TASK BRIEF → Your task is to copy all of the entries exactly as they are given.

DATA IN THIS EXERCISE →
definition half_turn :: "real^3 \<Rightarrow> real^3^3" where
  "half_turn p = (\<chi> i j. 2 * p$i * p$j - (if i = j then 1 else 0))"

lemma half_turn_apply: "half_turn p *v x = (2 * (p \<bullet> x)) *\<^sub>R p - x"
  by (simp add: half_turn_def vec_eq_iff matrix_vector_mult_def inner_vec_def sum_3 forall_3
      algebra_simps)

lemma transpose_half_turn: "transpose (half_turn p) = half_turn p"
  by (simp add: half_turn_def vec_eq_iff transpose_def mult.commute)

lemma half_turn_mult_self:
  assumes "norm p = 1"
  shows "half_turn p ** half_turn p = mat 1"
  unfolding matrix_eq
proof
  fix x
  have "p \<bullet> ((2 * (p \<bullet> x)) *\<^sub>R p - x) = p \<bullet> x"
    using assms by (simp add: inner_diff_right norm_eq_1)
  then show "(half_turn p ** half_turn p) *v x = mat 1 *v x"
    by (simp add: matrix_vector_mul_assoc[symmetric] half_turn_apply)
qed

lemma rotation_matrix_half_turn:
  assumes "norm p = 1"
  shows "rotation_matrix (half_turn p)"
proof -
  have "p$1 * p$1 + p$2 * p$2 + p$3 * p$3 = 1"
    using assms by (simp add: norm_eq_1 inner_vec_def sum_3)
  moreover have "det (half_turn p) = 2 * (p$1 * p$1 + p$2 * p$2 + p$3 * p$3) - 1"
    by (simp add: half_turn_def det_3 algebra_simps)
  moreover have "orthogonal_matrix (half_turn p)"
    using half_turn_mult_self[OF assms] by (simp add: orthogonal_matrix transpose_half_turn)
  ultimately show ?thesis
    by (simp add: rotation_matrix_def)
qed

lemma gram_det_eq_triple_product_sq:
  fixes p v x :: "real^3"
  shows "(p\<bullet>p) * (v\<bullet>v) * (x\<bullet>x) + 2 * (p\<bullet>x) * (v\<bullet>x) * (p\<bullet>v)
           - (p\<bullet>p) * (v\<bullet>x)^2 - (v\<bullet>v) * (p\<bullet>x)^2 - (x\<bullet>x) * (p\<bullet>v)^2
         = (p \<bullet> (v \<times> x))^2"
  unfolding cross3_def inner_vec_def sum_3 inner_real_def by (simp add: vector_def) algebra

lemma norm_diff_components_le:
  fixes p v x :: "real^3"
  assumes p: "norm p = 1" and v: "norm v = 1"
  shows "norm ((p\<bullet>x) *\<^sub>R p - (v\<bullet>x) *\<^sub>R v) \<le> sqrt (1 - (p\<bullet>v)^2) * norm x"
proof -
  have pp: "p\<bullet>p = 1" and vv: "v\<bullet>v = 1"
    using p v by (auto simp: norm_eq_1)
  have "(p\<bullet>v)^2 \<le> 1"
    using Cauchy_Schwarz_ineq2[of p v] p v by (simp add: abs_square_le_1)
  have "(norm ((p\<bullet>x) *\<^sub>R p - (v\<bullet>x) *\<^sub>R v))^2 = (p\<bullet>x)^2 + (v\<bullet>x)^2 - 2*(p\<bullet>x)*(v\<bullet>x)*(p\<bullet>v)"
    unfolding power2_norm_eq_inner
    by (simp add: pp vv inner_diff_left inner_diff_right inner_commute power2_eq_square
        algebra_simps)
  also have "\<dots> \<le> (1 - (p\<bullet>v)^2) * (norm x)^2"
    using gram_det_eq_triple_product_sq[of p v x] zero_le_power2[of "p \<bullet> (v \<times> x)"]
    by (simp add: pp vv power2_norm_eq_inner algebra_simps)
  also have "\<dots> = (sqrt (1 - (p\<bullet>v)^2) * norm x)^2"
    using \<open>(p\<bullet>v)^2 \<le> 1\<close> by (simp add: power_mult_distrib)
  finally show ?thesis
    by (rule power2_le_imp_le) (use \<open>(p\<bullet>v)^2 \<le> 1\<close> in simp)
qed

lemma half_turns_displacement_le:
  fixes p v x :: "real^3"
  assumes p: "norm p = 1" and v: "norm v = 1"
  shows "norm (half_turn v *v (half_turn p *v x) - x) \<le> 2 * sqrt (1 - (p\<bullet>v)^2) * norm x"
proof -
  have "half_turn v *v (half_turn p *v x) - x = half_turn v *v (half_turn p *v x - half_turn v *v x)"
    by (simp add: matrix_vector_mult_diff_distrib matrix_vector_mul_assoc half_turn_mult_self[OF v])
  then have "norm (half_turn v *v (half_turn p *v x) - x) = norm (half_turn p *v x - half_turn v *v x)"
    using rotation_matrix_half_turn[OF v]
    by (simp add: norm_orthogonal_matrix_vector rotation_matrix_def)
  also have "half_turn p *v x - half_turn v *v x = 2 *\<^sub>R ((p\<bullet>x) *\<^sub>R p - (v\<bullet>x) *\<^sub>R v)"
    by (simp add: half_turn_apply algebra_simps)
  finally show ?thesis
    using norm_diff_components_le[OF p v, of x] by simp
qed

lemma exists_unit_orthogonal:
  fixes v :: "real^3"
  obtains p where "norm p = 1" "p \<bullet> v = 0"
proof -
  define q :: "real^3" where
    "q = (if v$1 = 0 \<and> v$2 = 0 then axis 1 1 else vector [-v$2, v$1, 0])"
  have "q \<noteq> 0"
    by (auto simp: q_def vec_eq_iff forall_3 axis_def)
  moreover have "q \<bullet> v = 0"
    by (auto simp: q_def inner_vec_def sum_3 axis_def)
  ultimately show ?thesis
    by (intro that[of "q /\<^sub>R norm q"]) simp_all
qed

RESULT →
definition half_turn :: "real^3 \<Rightarrow> real^3^3" where
  "half_turn p = (\<chi> i j. 2 * p$i * p$j - (if i = j then 1 else 0))"

lemma half_turn_apply: "half_turn p *v x = (2 * (p \<bullet> x)) *\<^sub>R p - x"
  by (simp add: half_turn_def vec_eq_iff matrix_vector_mult_def inner_vec_def sum_3 forall_3
      algebra_simps)

lemma transpose_half_turn: "transpose (half_turn p) = half_turn p"
  by (simp add: half_turn_def vec_eq_iff transpose_def mult.commute)

lemma half_turn_mult_self:
  assumes "norm p = 1"
  shows "half_turn p ** half_turn p = mat 1"
  unfolding matrix_eq
proof
  fix x
  have "p \<bullet> ((2 * (p \<bullet> x)) *\<^sub>R p - x) = p \<bullet> x"
    using assms by (simp add: inner_diff_right norm_eq_1)
  then show "(half_turn p ** half_turn p) *v x = mat 1 *v x"
    by (simp add: matrix_vector_mul_assoc[symmetric] half_turn_apply)
qed

lemma rotation_matrix_half_turn:
  assumes "norm p = 1"
  shows "rotation_matrix (half_turn p)"
proof -
  have "p$1 * p$1 + p$2 * p$2 + p$3 * p$3 = 1"
    using assms by (simp add: norm_eq_1 inner_vec_def sum_3)
  moreover have "det (half_turn p) = 2 * (p$1 * p$1 + p$2 * p$2 + p$3 * p$3) - 1"
    by (simp add: half_turn_def det_3 algebra_simps)
  moreover have "orthogonal_matrix (half_turn p)"
    using half_turn_mult_self[OF assms] by (simp add: orthogonal_matrix transpose_half_turn)
  ultimately show ?thesis
    by (simp add: rotation_matrix_def)
qed

lemma gram_det_eq_triple_product_sq:
  fixes p v x :: "real^3"
  shows "(p\<bullet>p) * (v\<bullet>v) * (x\<bullet>x) + 2 * (p\<bullet>x) * (v\<bullet>x) * (p\<bullet>v)
           - (p\<bullet>p) * (v\<bullet>x)^2 - (v\<bullet>v) * (p\<bullet>x)^2 - (x\<bullet>x) * (p\<bullet>v)^2
         = (p \<bullet> (v \<times> x))^2"
  unfolding cross3_def inner_vec_def sum_3 inner_real_def by (simp add: vector_def) algebra

lemma norm_diff_components_le:
  fixes p v x :: "real^3"
  assumes p: "norm p = 1" and v: "norm v = 1"
  shows "norm ((p\<bullet>x) *\<^sub>R p - (v\<bullet>x) *\<^sub>R v) \<le> sqrt (1 - (p\<bullet>v)^2) * norm x"
proof -
  have pp: "p\<bullet>p = 1" and vv: "v\<bullet>v = 1"
    using p v by (auto simp: norm_eq_1)
  have "(p\<bullet>v)^2 \<le> 1"
    using Cauchy_Schwarz_ineq2[of p v] p v by (simp add: abs_square_le_1)
  have "(norm ((p\<bullet>x) *\<^sub>R p - (v\<bullet>x) *\<^sub>R v))^2 = (p\<bullet>x)^2 + (v\<bullet>x)^2 - 2*(p\<bullet>x)*(v\<bullet>x)*(p\<bullet>v)"
    unfolding power2_norm_eq_inner
    by (simp add: pp vv inner_diff_left inner_diff_right inner_commute power2_eq_square
        algebra_simps)
  also have "\<dots> \<le> (1 - (p\<bullet>v)^2) * (norm x)^2"
    using gram_det_eq_triple_product_sq[of p v x] zero_le_power2[of "p \<bullet> (v \<times> x)"]
    by (simp add: pp vv power2_norm_eq_inner algebra_simps)
  also have "\<dots> = (sqrt (1 - (p\<bullet>v)^2) * norm x)^2"
    using \<open>(p\<bullet>v)^2 \<le> 1\<close> by (simp add: power_mult_distrib)
  finally show ?thesis
    by (rule power2_le_imp_le) (use \<open>(p\<bullet>v)^2 \<le> 1\<close> in simp)
qed

lemma half_turns_displacement_le:
  fixes p v x :: "real^3"
  assumes p: "norm p = 1" and v: "norm v = 1"
  shows "norm (half_turn v *v (half_turn p *v x) - x) \<le> 2 * sqrt (1 - (p\<bullet>v)^2) * norm x"
proof -
  have "half_turn v *v (half_turn p *v x) - x = half_turn v *v (half_turn p *v x - half_turn v *v x)"
    by (simp add: matrix_vector_mult_diff_distrib matrix_vector_mul_assoc half_turn_mult_self[OF v])
  then have "norm (half_turn v *v (half_turn p *v x) - x) = norm (half_turn p *v x - half_turn v *v x)"
    using rotation_matrix_half_turn[OF v]
    by (simp add: norm_orthogonal_matrix_vector rotation_matrix_def)
  also have "half_turn p *v x - half_turn v *v x = 2 *\<^sub>R ((p\<bullet>x) *\<^sub>R p - (v\<bullet>x) *\<^sub>R v)"
    by (simp add: half_turn_apply algebra_simps)
  finally show ?thesis
    using norm_diff_components_le[OF p v, of x] by simp
qed

lemma exists_unit_orthogonal:
  fixes v :: "real^3"
  obtains p where "norm p = 1" "p \<bullet> v = 0"
proof -
  define q :: "real^3" where
    "q = (if v$1 = 0 \<and> v$2 = 0 then axis 1 1 else vector [-v$2, v$1, 0])"
  have "q \<noteq> 0"
    by (auto simp: q_def vec_eq_iff forall_3 axis_def)
  moreover have "q \<bullet> v = 0"
    by (auto simp: q_def inner_vec_def sum_3 axis_def)
  ultimately show ?thesis
    by (intro that[of "q /\<^sub>R norm q"]) simp_all
qed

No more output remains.